Arts

Murder most fun in lively revival of ‘The Mousetrap’ at CNY Playhouse

Jennie Russo, Keith Arlington and Alyssa Otoski-Keim in Central New York Playhouse's "The Mousetrap." (Provided by Amelia Beamish)

There’ll be none of that “Shh-shh, don’t tell” business. Under Dan Stevens’ direction, the cast of Agatha Christie’s The Mousetrap (through Sept. 22 at Central New York Playhouse) dispenses with the post-curtain admonition that we not give away the identity of the culprit in the still-startling twist ending.

As the drama opened in London nearly 66 years ago and has run through more than 25,000 performances, nearly everybody knows whodunit going in. No matter. Knowing who the killer is in director Alfred Hitchcock’s Psycho does not stop people from watching it again. There are so many other things to amuse us along the way.

Dame Agatha was nearing 62 and at the height of her powers when The Mousetrap opened in 1952. Her gift for plotting had long since proven adaptable for the stage, as she knew from Ten Little Indians, originally a novel. In The Mousetrap she abbreviates the number of suspects to a more manageable five (or maybe seven). And she becomes more of an actor’s friend, giving performers more strutting to do than was required of characters lifted off the page. Most Christie characters are suspicious, probably hiding something, but in The Mousetrap several characters are nearly walking vaudeville acts, just in the exposition.

The setting is Monkswell Manor, a guesthouse in Berkshire (pronounced “BARK-shur”), newly open for business.
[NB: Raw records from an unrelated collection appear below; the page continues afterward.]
text \<open>
  Let \<open>w\<^sub>b\<close> be the \<open>r\<^sub>b\<close>-th smallest cost at \<open>b\<close>. Any \<open>r\<close>-edge-cover uses at least
  \<open>r\<^sub>b\<close> edges at \<open>b\<close>, so its most expensive one there costs at least \<open>w\<^sub>b\<close>. Conversely,
  the greedy edges at \<open>b\<close> together with the edges of \<open>J\<close> at \<open>b\<close> are \<open>r\<^sub>b\<close> edges, so if a
  greedy edge cost more than \<open>w\<^sub>b\<close>, fewer than \<open>r\<^sub>b\<close> edges at \<open>b\<close> would cost at most
  \<open>w\<^sub>b\<close>. Hence every greedy edge costs at most \<open>w\<^sub>b\<close> at \<open>b\<close>, which gives (i) after
  summing over \<open>B\<close>. For (ii), the load at \<open>a \<in> A\<close> is at most the sum of the \<open>A\<close>-costs of
  its greedy edges, each at most \<open>\<theta>\<close> times the \<open>B\<close>-cost, and \<open>b\<close> has \<open>r\<^sup>J\<^sub>b\<close> greedy edges.
\<close>

text \<open>Counting from 1, matching \<open>wreq\<close>; for \<open>k = 0\<close> it is the smallest value.\<close>

definition kth_smallest :: "('a \<Rightarrow> 'b::linorder) \<Rightarrow> 'a set \<Rightarrow> nat \<Rightarrow> 'b" where
  "kth_smallest f S k = sorted_list_of_multiset (image_mset f (mset_set S)) ! (k - 1)"

lemma length_filter_le_sorted_nth:
  fixes xs :: "'a::linorder list"
  assumes "sorted xs" "0 < k" "k \<le> length xs"
  shows "k \<le> length (filter (\<lambda>v. v \<le> xs ! (k - 1)) xs)"
proof -
  have "xs ! i \<le> xs ! (k - 1)" if "i < k" for i
    using assms that by (intro sorted_nth_mono) auto
  then have "\<forall>v\<in>set (take k xs). v \<le> xs ! (k - 1)"
    by (auto simp: in_set_conv_nth)
  then have "filter (\<lambda>v. v \<le> xs ! (k - 1)) (take k xs) = take k xs"
    by simp
  then have "length (filter (\<lambda>v. v \<le> xs ! (k - 1)) (take k xs)) = k"
    using assms(3) by simp
  moreover have "length (filter (\<lambda>v. v \<le> xs ! (k - 1)) (take k xs))
      \<le> length (filter (\<lambda>v. v \<le> xs ! (k - 1)) xs)"
    by (metis append_take_drop_id filter_append le_add1 length_append)
  ultimately show ?thesis by simp
qed

lemma length_filter_less_sorted_nth:
  fixes xs :: "'a::linorder list"
  assumes "sorted xs" "0 < k" "k \<le> length xs"
  shows "length (filter (\<lambda>v. v < xs ! (k - 1)) xs) < k"
proof -
  have "\<forall>v\<in>set (drop (k - 1) xs). \<not> v < xs ! (k - 1)"
    using assms by (auto simp: in_set_conv_nth not_less intro!: sorted_nth_mono)
  then have "filter (\<lambda>v. v < xs ! (k - 1)) (drop (k - 1) xs) = []"
    by (simp add: filter_empty_conv)
  then have "filter (\<lambda>v. v < xs ! (k - 1)) xs = filter (\<lambda>v. v < xs ! (k - 1)) (take (k - 1) xs)"
    by (metis append_Nil2 append_take_drop_id filter_append)
  also have "length \<dots> \<le> k - 1"
    using length_filter_le[of _ "take (k - 1) xs"] by simp
  finally show ?thesis using assms(2) by linarith
qed

lemma length_filter_sorted_list_of_multiset:
  assumes "finite S"
  shows "length (filter P (sorted_list_of_multiset (image_mset f (mset_set S))))
    = card {x\<in>S. P (f x)}"
proof -
  have "length (filter P (sorted_list_of_multiset (image_mset f (mset_set S))))
      = size (filter_mset P (image_mset f (mset_set S)))"
    by (metis mset_filter mset_sorted_list_of_multiset size_mset)
  also have "\<dots> = card {x\<in>S. P (f x)}"
    by (simp add: filter_mset_image_mset filter_mset_mset_set assms)
  finally show ?thesis .
qed

lemma card_le_kth_smallest:
  assumes "finite S" "0 < k" "k \<le> card S"
  shows "k \<le> card {x\<in>S. f x \<le> kth_smallest f S k}"
  using length_filter_le_sorted_nth[of "sorted_list_of_multiset (image_mset f (mset_set S))" k]
    length_filter_sorted_list_of_multiset[OF assms(1), of _ f] assms
    length_filter_sorted_list_of_multiset[OF assms(1), of "\<lambda>_. True" f]
  by (simp add: kth_smallest_def)

lemma card_less_kth_smallest:
  assumes "finite S" "0 < k" "k \<le> card S"
  shows "card {x\<in>S. f x < kth_smallest f S k} < k"
  using length_filter_less_sorted_nth[of "sorted_list_of_multiset (image_mset f (mset_set S))" k]
    length_filter_sorted_list_of_multiset[OF assms(1), of _ f] assms
    length_filter_sorted_list_of_multiset[OF assms(1), of "\<lambda>_. True" f]
  by (simp add: kth_smallest_def)

lemma kth_smallest_le_Max:
  assumes "finite S" "T \<subseteq> S" "0 < k" "k \<le> card T"
  shows "kth_smallest f S k \<le> Max (f ` T)"
proof (rule ccontr)
  assume "\<not> kth_smallest f S k \<le> Max (f ` T)"
  then have "f t < kth_smallest f S k" if "t \<in> T" for t
    using that Max_ge[OF finite_imageI[OF finite_subset[OF assms(2,1)]], of "f t" f]
    by (auto intro: le_less_trans)
  then have "T \<subseteq> {x\<in>S. f x < kth_smallest f S k}"
    using assms(2) by blast
  then have "card T \<le> card {x\<in>S. f x < kth_smallest f S k}"
    by (simp add: card_mono assms(1))
  moreover have "k \<le> card S"
    using assms(4) card_mono[OF assms(1,2)] by linarith
  ultimately show False
    using card_less_kth_smallest[of S k f] assms(1,3,4) by linarith
qed

lemma greedy_choice_le_kth_smallest:
  assumes "finite S" "D \<subseteq> S" "F \<subseteq> S - D" "card F = k - card D" "k \<le> card S"
    and greedy: "\<forall>x\<in>F. \<forall>y\<in>S - D - F. f x \<le> f y"
    and "x \<in> F"
  shows "f x \<le> kth_smallest f S k"
proof (rule ccontr)
  assume above: "\<not> f x \<le> kth_smallest f S k"
  have finF: "finite F" and finD: "finite D"
    using assms finite_subset by blast+
  have "0 < k" and k: "card D + (card F - 1) < k"
    using assms(4,7) finF card_gt_0_iff by fastforce+
  have "{y\<in>S. f y \<le> kth_smallest f S k} \<subseteq> D \<union> (F - {x})"
  proof
    fix y assume y: "y \<in> {y\<in>S. f y \<le> kth_smallest f S k}"
    then have "y \<noteq> x" using above by auto
    moreover have "y \<in> D \<or> y \<in> F"
    proof (rule ccontr)
      assume "\<not> (y \<in> D \<or> y \<in> F)"
      then have "f x \<le> f y" using y greedy assms(7) by blast
      then show False using y above order_trans by blast
    qed
    ultimately show "y \<in> D \<union> (F - {x})" by blast
  qed
  then have "card {y\<in>S. f y \<le> kth_smallest f S k} \<le> card (D \<union> (F - {x}))"
    using finD finF by (intro card_mono) auto
  also have "\<dots> \<le> card D + card (F - {x})"
    by (rule card_Un_le)
  finally have "card {y\<in>S. f y \<le> kth_smallest f S k} \<le> card D + (card F - 1)"
    using assms(7) finF by simp
  then show False
    using card_le_kth_smallest[OF assms(1) \<open>0 < k\<close> assms(5), of f] k by linarith
qed

lemma finite_delta: "finite K \<Longrightarrow> finite (delta ea eb K v)"
  by (simp add: delta_def)

lemma delta_mono: "K \<subseteq> K' \<Longrightarrow> delta ea eb K v \<subseteq> delta ea eb K' v"
  by (auto simp: delta_def)

lemma delta_Diff: "delta ea eb (K - J) v = delta ea eb K v - delta ea eb J v"
  by (auto simp: delta_def)

lemma load_le_sum:
  assumes "finite K" "\<forall>e\<in>delta ea eb K v. 0 \<le> c e v"
  shows "load ea eb c K v \<le> (\<Sum>e\<in>delta ea eb K v. c e v)"
proof (cases "delta ea eb K v = {}")
  case False
  have "c e v \<le> (\<Sum>e\<in>delta ea eb K v. c e v)" if "e \<in> delta ea eb K v" for e
    using that assms by (intro member_le_sum) (auto simp: finite_delta)
  then show ?thesis
    using False assms(1) by (simp add: load_def finite_delta)
qed (simp add: load_def)

lemma wreq_eq_kth_smallest:
  "r b \<noteq> 0 \<Longrightarrow> wreq ea eb c E r b = kth_smallest (\<lambda>e. c e b) (delta ea eb E b) (r b)"
  by (simp add: wreq_def kth_smallest_def)

lemma opt_attained:
  assumes "finite E" "\<exists>K. K \<subseteq> E \<and> is_cover ea eb B r K"
  obtains K where "K \<subseteq> E" "is_cover ea eb B r K" "opt ea eb c A B E r = load_set ea eb c K (A \<union> B)"
proof -
  let ?covers = "{K. K \<subseteq> E \<and> is_cover ea eb B r K}"
  let ?loads = "(\<lambda>K. load_set ea eb c K (A \<union> B)) ` ?covers"
  have "opt ea eb c A B E r = Min ?loads"
    unfolding opt_def by (rule arg_cong[where f = Min]) auto
  moreover have "finite ?covers"
    using assms(1) by (simp add: finite_subset[of _ "Pow E"] subset_eq)
  then have "Min ?loads \<in> ?loads"
    using assms(2) by (intro Min_in) auto
  ultimately show ?thesis
    using that by auto
qed

locale bipartite_activation =
  fixes A B :: "'v set" and E :: "'e set" and ea eb :: "'e \<Rightarrow> 'v" and c :: "'e \<Rightarrow> 'v \<Rightarrow> real"
  assumes finite_A: "finite A" and finite_B: "finite B" and disjoint_parts: "A \<inter> B = {}"
    and finite_E: "finite E"
    and ea_in_A: "e \<in> E \<Longrightarrow> ea e \<in> A" and eb_in_B: "e \<in> E \<Longrightarrow> eb e \<in> B"
    and cost_ea_nonneg: "e \<in> E \<Longrightarrow> 0 \<le> c e (ea e)"
    and cost_eb_nonneg: "e \<in> E \<Longrightarrow> 0 \<le> c e (eb e)"
begin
The wife and husband team of Mollie (Jennie Russo) and Giles Ralston (Jack Carr) are running the place themselves. With post-war austerity still in place, they suffer from rationing and there’s not enough money to hire extra help. That also means no maids or butlers to eavesdrop, tightening the action. Because of heavy snow, the roads have become impassable and somehow (wait for it), the telephone line is down.

In a teasing opening scene, a vintage Bakelite radio announces that a woman in London has been murdered and a man seen fleeing from the scene is dressed a bit like, ahem, Giles. The husband and wife are initially seen as bland as possible, but we learn that they have been married only a year, with some questions about what they might have been doing before that. Director Stevens has prudently cast two players beyond the bloom of youth in these roles. Jennie Russo, in many ways the center of the action, skillfully plays Mollie as a person capable of holding secrets.

Then the guests arrive, including the sourpuss reactionary Mrs. Boyle (Nora O’Dea), whose non-stop kvetching mentions dry rot, the labor shortage, the weekly rent (a steal at 70 guineas), and the lack of responsibility among the lower social orders. O’Dea, the director’s wife, has graciously taken on this rebarbative harpy, and their rehearsals at home must have been fun. Retired Major Metcalf (Keith Arlington) comes with better manners, but his shifty eyes do quite a bit of talking.

Two younger characters are more ambiguous: the hyper-neurotic Christopher Wren (Strange David Fuller) and the severe, mannish Miss Casewell (Alyssa Otoski-Keim). Three years after Obergefell vs. Hodges we immediately identify the two as gay, for which one could be jailed in 1952 Britain. The script gives Christopher more to do, and actor Fuller makes him a fey peacock of flamboyant neuroses.

Alyssa Otoski-Keim, seen last year as the scantily clad adulteress Vicki in Noises Off, has more fun with Miss Casewell than have previous community theater actresses. She has something of the audacious androgyny of Marlene Dietrich in trousers, enjoying putting on the straights.

Blessedly the script bumps off vexatious Mrs. Boyle before the first act’s curtain, which brings in forthright, self-confident Sergeant Trotter (Stephen Shepherd) to launch the second. He never pretends to having superior insight like Hercule Poirot, but in a methodical way he provides important missing exposition. The aforementioned London murder is linked to the one in the first act, and the killer could well be looking for a third victim in Monkswell Manor this very night.

The most experienced member of the cast, Simon Moody, presents a different Mr. Paravacini than has been seen in a dozen earlier productions. Paravacini is the stranger who arrives at the guesthouse claiming his car overturned in the snow.

Picking up on the Italian name, other actors have made him florid and operatic. Moody (also in charge of costumes) makes him tweedy and wry, delighting in holding some unspoken secret. Although Christie’s lines do not assign him any bon mots, Moody’s eyes depict him looking as though he’s just about to say something wonderfully funny.